What About Herschel?

Infrared image of the Andromeda Galaxy (M31) taken by Herschel (orange) with an X-ray image from XMM-Newton superposed over it (blue). Image credit: ESA / Herschel / SPIRE / PACS / HELGA; ESA / XMM / EPIC / OM

The Herschel Space Observatory was an infrared telescope built by the European Space Agency - it too orbited the L2 point (where Webb will be).

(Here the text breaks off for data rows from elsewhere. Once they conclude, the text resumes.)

lemma HC_carrier: "carrier (HC X idx G Gm k) = hclass k ` cycles k"
  by (simp add: HC_def)

lemma HC_add_hclass:
  assumes x: "x \<in> bchains X G k" and y: "y \<in> bchains X G k"
  shows "hclass k x \<oplus>\<^bsub>HC X idx G Gm k\<^esub> hclass k y = hclass k (badd X G k x y)"
proof -
  obtain b1 where b1: "b1 \<in> bounds k" "(SOME p. p \<in> hclass k x) = badd X G k x b1"
    using hclass_some[OF x] by blast
  obtain b2 where b2: "b2 \<in> bounds k" "(SOME p. p \<in> hclass k y) = badd X G k y b2"
    using hclass_some[OF y] by blast
  have c: "b1 \<in> bchains X G k" "b2 \<in> bchains X G k" using b1 b2 bounds_subset by auto
  have "badd X G k (badd X G k x b1) (badd X G k y b2) = badd X G k (badd X G k x y) (badd X G k b1 b2)"
    unfolding badd_def using x y c
    by (intro ext) (auto simp: chainsD abelian_monoid.a_ac[OF abelian_monoid_G] abelian_monoid.a_closed[OF abelian_monoid_G])
  then show ?thesis
    using b1 b2 hclass_shift[where x = "badd X G k x y" and b = "badd X G k b1 b2"] badd_bounds x y badd_closed
    by (simp add: HC_def)
qed
theorem mainTheorem2:
  fixes k :: "'b rel"
  assumes "regular_cardinal k"
    and "kappa_frame k TYPE('a::{bounded_lattice,distrib_lattice})"
  shows "frame_hom (kideals k :: 'a set set) (congs k) (nablaI k)
         \<and> inj_on (nablaI k) (kideals k :: 'a set set)"
proof -
  have C: "Cinfinite k" using assms(1) unfolding regular_cardinal_def by blast
  have eq: "\<And>I. I \<in> (kideals k :: 'a set set) \<Longrightarrow> nablaI k I = nabla_union I"
    using nablaI_eq_nabla_union C by blast
  have "frame_hom (kideals k :: 'a set set) (congs k) nabla_union"
    unfolding frame_hom_def
    using nabla_union_congs[OF _ C] nabla_union_preserves_lub[OF C assms(2)]
      nabla_union_preserves_inf[OF C] nabla_union_preserves_top
    by blast
  from frame_hom_cong[OF this eq]
  have "frame_hom (kideals k :: 'a set set) (congs k) (nablaI k)" .
  moreover have "inj_on (nablaI k) (kideals k :: 'a set set)"
    using inj_on_nabla_union by (simp add: eq cong: inj_on_cong)
  ultimately show ?thesis ..
qed

end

The primary difference between Webb and Herschel is wavelength range: Webb goes from 0.6 to 28.5 microns; Herschel went from 60 to 500 microns. Webb is also larger, with an approximately 6.5 meter mirror vs. Herschel's 3.5 meters.

Hubble Orbit Tracking

The wavelength ranges were chosen by different science: Herschel looked for the extremes, the most actively star-forming galaxies, which emit most of their energy in the far-IR. Webb will find the first galaxies to form in the early universe, for which it needs extreme sensitivity in the near-IR.

Hubble Orbit Path

At right is an infrared image of the Andromeda Galaxy (M31) taken by Herschel (orange) with an X-ray image from XMM-Newton superposed over it (blue).